Ok, I know that February is almost here but I've been meaning to do a post about 2012 for a while now. I'm still allowed to do that, right? So, what can I say about 2012? Well, it wasn't terrible. It wasn't a train wreck of a year (2009, I'm looking at you). But it wasn't great either. In fact, if I could sum up the whole year in one word, that word would be: meh. We spent the majority of 2012 waiting. Waiting. Waiting. And then waiting some more. Waiting to move. Waiting to get a job. Waiting to hear back from various people about film stuff. Waiting to get settled here. Waiting to get our own place. Like I said, nothing terrible but it's been hard. We've struggled to find our footing here. We've struggled to adjust to living with family. We've struggled to adjust to Utah again, the culture, the quirks, and the weather. Oh the weather, let's not talk about that right now. And in the course of all this waiting, little by little, I lost my oomph.
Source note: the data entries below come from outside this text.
(* Let $F:\mathbb{R}^d\to\mathbb{R}$ be continuously differentiable with $L$-Lipschitz gradient and strongly convex with parameter $c>0$, i.e. $F(\bar w)\ge F(w)+\nabla F(w)^\top(\bar w-w)+\tfrac c2\|\bar w-w\|_2^2$ for all $w,\bar w$; let $w_*$ be its unique minimizer and $F_*=F(w_* )$. Consider the low-precision SGD iteration $w_{k+1}=w_k-\bar\alpha\,\tilde g(w_k,\xi_k)$ with fixed stepsize $\bar\alpha$ and $\tilde g(w_k,\xi_k)=q_k\,g(w_k,\xi_k)+\varepsilon_k$. Assume: (a) the iterates lie in an open set on which $F$ is bounded below by $F_{\inf}=F_*$; (b) there exist scalars $\mu_G\ge\mu>0$ such that for all $k$, $\nabla F(w_k)^\top\mathbb{E}_{\xi_k}[\tilde g(w_k,\xi_k)]\ge q_{\min}\mu\|\nabla F(w_k)\|_2^2$ and $\|\mathbb{E}_{\xi_k}[\tilde g(w_k,\xi_k)]\|_2\le q_{\max}\mu_G\|\nabla F(w_k)\|_2$; (c) there exist scalars $\tilde M\ge0$, $\tilde M_V\ge0$ such that for all $k$, $\mathbb{E}_{\xi_k}\|\tilde g(w_k,\xi_k)\|_2^2-\|\mathbb{E}_{\xi_k}[\tilde g(w_k,\xi_k)]\|_2^2\le\tilde M+\tilde M_V\|\nabla F(w_k)\|_2^2$. Let $\mu_q:=q_{\min}\mu$, $\tilde M_G:=\tilde M_V+q_{\max}^2\mu_G^2$, and suppose $0<\bar\alpha\le\frac{\mu_q}{L\tilde M_G}$. Then for all $k\in\mathbb{N}$, \[ \mathbb{E}[F(w_k)-F_*]\le\frac{\bar\alpha L\tilde M}{2c\mu_q}+(1-\bar\alpha c\mu_q)^{k-1}\Big(F(w_1)-F_*-\frac{\bar\alpha L\tilde M}{2c\mu_q}\Big), \] and the right-hand side converges as $k\to\infty$ to $\frac{\bar\alpha L\tilde M}{2c\mu_q}=\frac{1}{q_{\min}}\frac{\bar\alpha L\tilde M}{2c\mu}$.
   Context: The objective is $F(w)=\mathbb{E}_{\xi\sim\mathcal D}[\ell(\xi,w)]$, $w_1$ is a given initial point. At iteration $k$, $\xi_k$ is drawn i.i.d. from $\mathcal D$, $g(w_k,\xi_k)=\nabla F(w_k;\xi_k)$, $q_k\in[q_{\min},q_{\max}]\subset(0,1]$ with $q_{\min}>0$ is a shrinkage factor, and $\varepsilon_k$ is quantization noise with $\mathbb{E}[\varepsilon_k\mid\mathcal F_k]=0$ and $\mathbb{E}\|\varepsilon_k\|_2^2\le\sigma_\varepsilon^2$, $\mathcal F_k$ being the $\sigma$-algebra of all randomness up to iteration $k$. $\mathbb{E}_{\xi_k}[\cdot]$ denotes expectation over $(\xi_k,q_k,\varepsilon_k)$ conditional on $w_k$, and $\mathbb{E}[\cdot]$ is total expectation over all randomness. *)

theory Defs
  imports "HOL-Probability.Probability"
begin

text \<open>Conditional expectation of a vector-valued random variable given the
sub-sigma-algebra G, taken componentwise along the standard basis
(the library only provides the real-valued conditional expectation).\<close>
definition vcond_exp :: "'a measure \<Rightarrow> 'a measure \<Rightarrow> ('a \<Rightarrow> 'v::euclidean_space) \<Rightarrow> 'a \<Rightarrow> 'v" where
  "vcond_exp M G X \<omega> = (\<Sum>b\<in>Basis. real_cond_exp M G (\<lambda>x. X x \<bullet> b) \<omega> *\<^sub>R b)"

end

theory Submission
  imports Defs
begin

(*
  The descent lemma for the L-smooth objective bounds one step by
  E F(w_{k+1}) <= E F(w_k) - alpha E <grad F(w_k), g_k> + alpha^2 L/2 E |g_k|^2.
  Conditioning on the past replaces g_k in the inner product by its conditional mean,
  so the moment assumptions bound the right-hand side by
  E F(w_k) - alpha mu_q/2 E |grad F(w_k)|^2 + alpha^2 L Mt/2, the step-size condition
  alpha L M_G <= mu_q absorbing half of the descent.  The Polyak-Lojasiewicz inequality
  |grad F|^2 >= 2c (F - F_min), a consequence of strong convexity, turns this into the
  affine recursion e_{k+1} <= (1 - alpha c mu_q) e_k + alpha^2 L Mt/2 for the gaps
  e_k = E F(w_k) - F_min, whose solution is the stated bound; c <= L puts the
  contraction factor in [0,1).
*)

lemma lipschitz_gradient_descent:
  fixes F :: "'v::real_inner \<Rightarrow> real" and gradF :: "'v \<Rightarrow> 'v"
  assumes grad: "\<And>v. (F has_derivative (\<lambda>h. gradF v \<bullet> h)) (at v)"
    and lip: "\<And>v u. norm (gradF v - gradF u) \<le> L * norm (v - u)"
  shows "F u \<le> F v + gradF v \<bullet> (u - v) + L / 2 * (norm (u - v))\<^sup>2"
proof -
  define h where "h = u - v"
  define \<psi> where "\<psi> t = L / 2 * t\<^sup>2 * (norm h)\<^sup>2 + t * (gradF v \<bullet> h) - F (v + t *\<^sub>R h)" for t :: real
  have "\<psi> 0 \<le> \<psi> 1"
  proof (rule DERIV_nonneg_imp_nondecreasing[of 0 1])
    fix t :: real assume t: "0 \<le> t" "t \<le> 1"
    have "((\<lambda>t. F (v + t *\<^sub>R h)) has_derivative (\<lambda>s. gradF (v + t *\<^sub>R h) \<bullet> (s *\<^sub>R h))) (at t)"
      by (rule has_derivative_compose[OF _ grad]) (auto intro!: derivative_eq_intros)
    then have "((\<lambda>t. F (v + t *\<^sub>R h)) has_real_derivative gradF (v + t *\<^sub>R h) \<bullet> h) (at t)"
      by (simp add: has_field_derivative_def mult.commute[of _ "gradF (v + t *\<^sub>R h) \<bullet> h"])
    then have "(\<psi> has_real_derivative L * t * (norm h)\<^sup>2 + gradF v \<bullet> h - gradF (v + t *\<^sub>R h) \<bullet> h) (at t)"
      unfolding \<psi>_def by (auto intro!: derivative_eq_intros)
    moreover have "(gradF (v + t *\<^sub>R h) - gradF v) \<bullet> h \<le> L * t * (norm h)\<^sup>2"
    proof -
      have "(gradF (v + t *\<^sub>R h) - gradF v) \<bullet> h \<le> norm (gradF (v + t *\<^sub>R h) - gradF v) * norm h"
        by (rule norm_cauchy_schwarz)
      also have "\<dots> \<le> L * norm (t *\<^sub>R h) * norm h"
        using lip[of "v + t *\<^sub>R h" v] by (intro mult_right_mono) auto
      finally show ?thesis using t by (simp add: power2_eq_square mult_ac)
    qed
    ultimately show "\<exists>y. (\<psi> has_real_derivative y) (at t) \<and> 0 \<le> y"
      by (intro exI[of _ "L * t * (norm h)\<^sup>2 + gradF v \<bullet> h - gradF (v + t *\<^sub>R h) \<bullet> h"])
        (simp add: inner_diff_left)
  qed simp
  then show ?thesis unfolding \<psi>_def h_def by simp
qed

lemma norm_grad_sq_le_suboptimality:
  fixes F :: "'v::real_inner \<Rightarrow> real" and gradF :: "'v \<Rightarrow> 'v"
  assumes grad: "\<And>v. (F has_derivative (\<lambda>h. gradF v \<bullet> h)) (at v)"
    and lip: "\<And>v u. norm (gradF v - gradF u) \<le> L * norm (v - u)"
    and L: "L > 0" and min: "\<And>v. F wstar \<le> F v"
  shows "(norm (gradF v))\<^sup>2 \<le> 2 * L * (F v - F wstar)"
proof -
  let ?u = "v - (1 / L) *\<^sub>R gradF v"
  have "F wstar \<le> F ?u" by (rule min)
  also have "\<dots> \<le> F v + gradF v \<bullet> (?u - v) + L / 2 * (norm (?u - v))\<^sup>2"
    by (rule lipschitz_gradient_descent[OF grad lip])
  also have "\<dots> = F v - (norm (gradF v))\<^sup>2 / L + L / 2 * ((norm (gradF v))\<^sup>2 / L\<^sup>2)"
    using L by (simp add: power2_norm_eq_inner power_divide)
  also have "\<dots> = F v - (norm (gradF v))\<^sup>2 / (2 * L)"
    using L by (simp add: power2_eq_square field_simps)
  finally show ?thesis using L by (simp add: field_simps)
qed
My oomph is very important you know. It's the first thing that I feed in the morning, even before I feed Shye and the cats, usually a heavy dose of caffeine. It's what makes me take a shower when I don't want to, it what gets me excited to try to new things, and meet new people, and look for adventures in daily life. It spurs me to think more creatively, to read more books, watch more movies, and enjoy this not-so perfect life of mine. Without it, I don't know, I'm just sort of there. Sitting there everyday, wondering what it all means.
But you know what? It doesn't matter.
Because it's 2013 and it WILL be better. Thirteen has always been my lucky number and I'm turning 30 this year, which I'm certain will magically bestow upon me the powers of adulthood which have thus far eluded me. But mostly, 2013 will be better simply because it HAS to be.
So yeah, yay for 2013. Or at least the eleven months that's left of it. May it be the year of answers.